From the records below, copy out exactly the lines from the one containing "ultimately show ?thesis" to the one containing "unfolding group_def D_def by blast", both included. Add nothing else.
· · · · · · ·
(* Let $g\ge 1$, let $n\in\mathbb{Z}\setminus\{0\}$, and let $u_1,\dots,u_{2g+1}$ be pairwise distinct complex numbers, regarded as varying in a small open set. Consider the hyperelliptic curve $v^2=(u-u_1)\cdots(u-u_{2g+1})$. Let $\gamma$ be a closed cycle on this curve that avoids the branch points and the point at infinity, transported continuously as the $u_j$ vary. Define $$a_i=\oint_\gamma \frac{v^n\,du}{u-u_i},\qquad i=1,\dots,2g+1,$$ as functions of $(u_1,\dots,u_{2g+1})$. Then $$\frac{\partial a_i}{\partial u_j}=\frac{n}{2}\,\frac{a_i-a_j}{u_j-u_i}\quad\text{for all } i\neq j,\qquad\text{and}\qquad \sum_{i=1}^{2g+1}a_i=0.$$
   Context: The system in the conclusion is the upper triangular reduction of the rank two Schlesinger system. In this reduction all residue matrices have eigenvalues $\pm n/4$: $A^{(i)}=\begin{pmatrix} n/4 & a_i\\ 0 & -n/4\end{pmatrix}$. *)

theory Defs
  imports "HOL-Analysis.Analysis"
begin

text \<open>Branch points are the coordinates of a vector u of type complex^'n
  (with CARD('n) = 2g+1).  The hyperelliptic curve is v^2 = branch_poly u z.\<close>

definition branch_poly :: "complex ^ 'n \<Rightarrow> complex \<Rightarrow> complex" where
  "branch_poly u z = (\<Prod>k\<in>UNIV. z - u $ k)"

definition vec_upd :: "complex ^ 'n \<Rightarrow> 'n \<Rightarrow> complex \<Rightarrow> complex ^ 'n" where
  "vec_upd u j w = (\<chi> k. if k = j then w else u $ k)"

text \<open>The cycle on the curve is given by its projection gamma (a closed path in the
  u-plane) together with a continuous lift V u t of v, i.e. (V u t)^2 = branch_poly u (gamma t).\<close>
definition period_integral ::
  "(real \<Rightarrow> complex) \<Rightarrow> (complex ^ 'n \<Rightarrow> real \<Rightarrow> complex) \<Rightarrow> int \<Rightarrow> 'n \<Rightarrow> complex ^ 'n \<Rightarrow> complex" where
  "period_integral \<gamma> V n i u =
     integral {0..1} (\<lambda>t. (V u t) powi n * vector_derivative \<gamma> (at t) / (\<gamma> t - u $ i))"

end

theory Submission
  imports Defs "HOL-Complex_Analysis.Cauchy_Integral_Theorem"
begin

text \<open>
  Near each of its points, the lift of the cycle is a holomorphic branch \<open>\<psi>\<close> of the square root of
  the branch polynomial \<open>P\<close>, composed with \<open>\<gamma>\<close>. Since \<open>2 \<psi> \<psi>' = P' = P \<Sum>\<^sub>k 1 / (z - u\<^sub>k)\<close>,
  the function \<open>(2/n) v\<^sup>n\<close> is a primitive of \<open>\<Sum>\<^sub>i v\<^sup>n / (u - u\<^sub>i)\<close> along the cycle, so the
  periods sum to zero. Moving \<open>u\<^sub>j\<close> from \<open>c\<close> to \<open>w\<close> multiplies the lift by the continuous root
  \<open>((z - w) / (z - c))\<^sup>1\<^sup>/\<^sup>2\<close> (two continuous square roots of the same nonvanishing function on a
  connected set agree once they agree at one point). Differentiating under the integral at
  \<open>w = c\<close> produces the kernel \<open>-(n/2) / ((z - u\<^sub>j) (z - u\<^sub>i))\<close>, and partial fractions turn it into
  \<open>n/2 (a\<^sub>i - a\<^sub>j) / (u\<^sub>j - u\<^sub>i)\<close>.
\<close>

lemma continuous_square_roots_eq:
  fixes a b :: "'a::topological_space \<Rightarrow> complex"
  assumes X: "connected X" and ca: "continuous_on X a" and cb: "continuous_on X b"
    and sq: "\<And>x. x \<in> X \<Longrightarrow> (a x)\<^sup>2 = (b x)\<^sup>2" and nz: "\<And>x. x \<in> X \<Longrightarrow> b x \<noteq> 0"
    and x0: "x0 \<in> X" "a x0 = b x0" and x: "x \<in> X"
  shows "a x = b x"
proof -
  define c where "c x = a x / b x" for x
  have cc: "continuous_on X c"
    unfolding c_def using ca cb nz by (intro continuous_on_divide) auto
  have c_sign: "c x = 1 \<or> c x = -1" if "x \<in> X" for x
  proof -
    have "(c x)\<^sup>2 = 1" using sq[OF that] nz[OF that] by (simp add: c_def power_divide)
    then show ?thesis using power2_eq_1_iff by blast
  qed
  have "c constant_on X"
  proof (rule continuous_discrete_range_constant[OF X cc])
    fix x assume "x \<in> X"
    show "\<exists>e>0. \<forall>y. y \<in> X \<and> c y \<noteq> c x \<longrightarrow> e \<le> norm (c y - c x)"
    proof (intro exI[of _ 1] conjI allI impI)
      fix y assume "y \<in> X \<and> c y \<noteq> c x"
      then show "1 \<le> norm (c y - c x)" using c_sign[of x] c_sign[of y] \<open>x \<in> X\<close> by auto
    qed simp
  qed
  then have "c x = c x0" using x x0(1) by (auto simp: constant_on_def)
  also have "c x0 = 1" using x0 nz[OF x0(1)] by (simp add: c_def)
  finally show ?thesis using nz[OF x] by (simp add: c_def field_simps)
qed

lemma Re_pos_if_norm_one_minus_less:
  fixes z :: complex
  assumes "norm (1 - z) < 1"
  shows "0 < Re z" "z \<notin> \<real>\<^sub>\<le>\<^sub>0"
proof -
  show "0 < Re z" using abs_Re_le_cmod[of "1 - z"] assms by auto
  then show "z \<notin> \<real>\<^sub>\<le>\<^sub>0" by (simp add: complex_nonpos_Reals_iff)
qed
· · · · · · ·
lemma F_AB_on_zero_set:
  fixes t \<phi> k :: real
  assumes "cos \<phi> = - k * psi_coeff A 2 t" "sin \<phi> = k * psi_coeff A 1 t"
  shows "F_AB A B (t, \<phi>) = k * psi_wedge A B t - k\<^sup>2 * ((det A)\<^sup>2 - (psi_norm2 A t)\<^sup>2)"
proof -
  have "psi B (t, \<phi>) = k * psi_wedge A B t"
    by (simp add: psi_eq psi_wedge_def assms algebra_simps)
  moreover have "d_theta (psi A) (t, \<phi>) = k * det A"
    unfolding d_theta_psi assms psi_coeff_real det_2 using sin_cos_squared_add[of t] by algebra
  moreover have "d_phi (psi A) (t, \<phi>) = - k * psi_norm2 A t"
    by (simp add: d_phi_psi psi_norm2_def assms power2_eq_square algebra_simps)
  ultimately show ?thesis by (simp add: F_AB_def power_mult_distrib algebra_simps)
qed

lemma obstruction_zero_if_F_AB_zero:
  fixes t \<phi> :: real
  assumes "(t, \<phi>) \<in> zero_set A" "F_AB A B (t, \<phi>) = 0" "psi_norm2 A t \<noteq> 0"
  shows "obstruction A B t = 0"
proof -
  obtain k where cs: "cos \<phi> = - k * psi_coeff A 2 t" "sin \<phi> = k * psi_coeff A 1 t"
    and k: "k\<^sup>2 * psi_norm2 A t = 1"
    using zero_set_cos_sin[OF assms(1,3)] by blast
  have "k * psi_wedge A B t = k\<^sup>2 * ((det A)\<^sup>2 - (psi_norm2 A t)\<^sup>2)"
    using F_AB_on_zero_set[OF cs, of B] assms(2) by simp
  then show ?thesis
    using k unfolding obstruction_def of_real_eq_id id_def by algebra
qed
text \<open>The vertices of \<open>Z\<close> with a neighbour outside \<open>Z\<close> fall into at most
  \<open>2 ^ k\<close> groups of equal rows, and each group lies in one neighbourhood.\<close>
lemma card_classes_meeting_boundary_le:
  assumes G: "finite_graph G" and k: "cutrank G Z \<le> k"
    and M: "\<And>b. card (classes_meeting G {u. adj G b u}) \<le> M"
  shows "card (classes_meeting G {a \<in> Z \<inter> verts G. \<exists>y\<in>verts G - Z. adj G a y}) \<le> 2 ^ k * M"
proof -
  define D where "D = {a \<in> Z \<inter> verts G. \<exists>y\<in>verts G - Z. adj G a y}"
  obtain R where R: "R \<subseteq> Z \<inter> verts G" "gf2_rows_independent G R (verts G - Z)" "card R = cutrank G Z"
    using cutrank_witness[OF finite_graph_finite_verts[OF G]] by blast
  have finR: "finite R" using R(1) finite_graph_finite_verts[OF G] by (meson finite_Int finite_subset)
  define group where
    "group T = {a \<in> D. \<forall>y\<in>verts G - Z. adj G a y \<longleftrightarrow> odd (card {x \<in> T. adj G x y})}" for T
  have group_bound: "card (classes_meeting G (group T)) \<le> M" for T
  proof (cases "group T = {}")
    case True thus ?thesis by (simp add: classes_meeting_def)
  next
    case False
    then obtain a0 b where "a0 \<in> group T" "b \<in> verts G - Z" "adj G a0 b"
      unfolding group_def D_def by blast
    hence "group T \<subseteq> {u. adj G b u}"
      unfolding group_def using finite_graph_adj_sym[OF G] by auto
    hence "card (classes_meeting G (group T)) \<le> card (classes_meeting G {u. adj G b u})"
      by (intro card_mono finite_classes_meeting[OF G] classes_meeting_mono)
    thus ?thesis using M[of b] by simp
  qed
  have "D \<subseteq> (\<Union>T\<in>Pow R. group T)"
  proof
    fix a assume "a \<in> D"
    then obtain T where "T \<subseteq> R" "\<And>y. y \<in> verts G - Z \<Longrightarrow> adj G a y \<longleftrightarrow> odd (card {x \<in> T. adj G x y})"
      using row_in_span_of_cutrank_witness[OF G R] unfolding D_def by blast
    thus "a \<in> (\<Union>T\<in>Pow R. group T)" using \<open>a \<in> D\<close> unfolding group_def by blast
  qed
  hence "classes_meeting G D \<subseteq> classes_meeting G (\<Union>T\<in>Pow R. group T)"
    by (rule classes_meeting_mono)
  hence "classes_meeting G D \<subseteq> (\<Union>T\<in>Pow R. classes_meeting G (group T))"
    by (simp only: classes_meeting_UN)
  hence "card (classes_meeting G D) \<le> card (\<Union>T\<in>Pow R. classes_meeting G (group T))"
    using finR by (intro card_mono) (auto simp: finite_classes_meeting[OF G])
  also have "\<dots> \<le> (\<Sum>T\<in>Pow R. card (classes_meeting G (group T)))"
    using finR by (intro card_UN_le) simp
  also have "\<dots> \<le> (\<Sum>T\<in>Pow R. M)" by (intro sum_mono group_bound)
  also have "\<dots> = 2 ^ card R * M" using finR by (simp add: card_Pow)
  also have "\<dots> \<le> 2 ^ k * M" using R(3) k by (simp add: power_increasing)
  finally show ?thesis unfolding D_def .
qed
· · · · · · ·
■ **Response to this exercise**
  ultimately show ?thesis by (simp add: F_AB_def power_mult_distrib algebra_simps)
qed

lemma obstruction_zero_if_F_AB_zero:
  fixes t \<phi> :: real
  assumes "(t, \<phi>) \<in> zero_set A" "F_AB A B (t, \<phi>) = 0" "psi_norm2 A t \<noteq> 0"
  shows "obstruction A B t = 0"
proof -
  obtain k where cs: "cos \<phi> = - k * psi_coeff A 2 t" "sin \<phi> = k * psi_coeff A 1 t"
    and k: "k\<^sup>2 * psi_norm2 A t = 1"
    using zero_set_cos_sin[OF assms(1,3)] by blast
  have "k * psi_wedge A B t = k\<^sup>2 * ((det A)\<^sup>2 - (psi_norm2 A t)\<^sup>2)"
    using F_AB_on_zero_set[OF cs, of B] assms(2) by simp
  then show ?thesis
    using k unfolding obstruction_def of_real_eq_id id_def by algebra
qed
text \<open>The vertices of \<open>Z\<close> with a neighbour outside \<open>Z\<close> fall into at most
  \<open>2 ^ k\<close> groups of equal rows, and each group lies in one neighbourhood.\<close>
lemma card_classes_meeting_boundary_le:
  assumes G: "finite_graph G" and k: "cutrank G Z \<le> k"
    and M: "\<And>b. card (classes_meeting G {u. adj G b u}) \<le> M"
  shows "card (classes_meeting G {a \<in> Z \<inter> verts G. \<exists>y\<in>verts G - Z. adj G a y}) \<le> 2 ^ k * M"
proof -
  define D where "D = {a \<in> Z \<inter> verts G. \<exists>y\<in>verts G - Z. adj G a y}"
  obtain R where R: "R \<subseteq> Z \<inter> verts G" "gf2_rows_independent G R (verts G - Z)" "card R = cutrank G Z"
    using cutrank_witness[OF finite_graph_finite_verts[OF G]] by blast
  have finR: "finite R" using R(1) finite_graph_finite_verts[OF G] by (meson finite_Int finite_subset)
  define group where
    "group T = {a \<in> D. \<forall>y\<in>verts G - Z. adj G a y \<longleftrightarrow> odd (card {x \<in> T. adj G x y})}" for T
  have group_bound: "card (classes_meeting G (group T)) \<le> M" for T
  proof (cases "group T = {}")
    case True thus ?thesis by (simp add: classes_meeting_def)
  next
    case False
    then obtain a0 b where "a0 \<in> group T" "b \<in> verts G - Z" "adj G a0 b"
      unfolding group_def D_def by blast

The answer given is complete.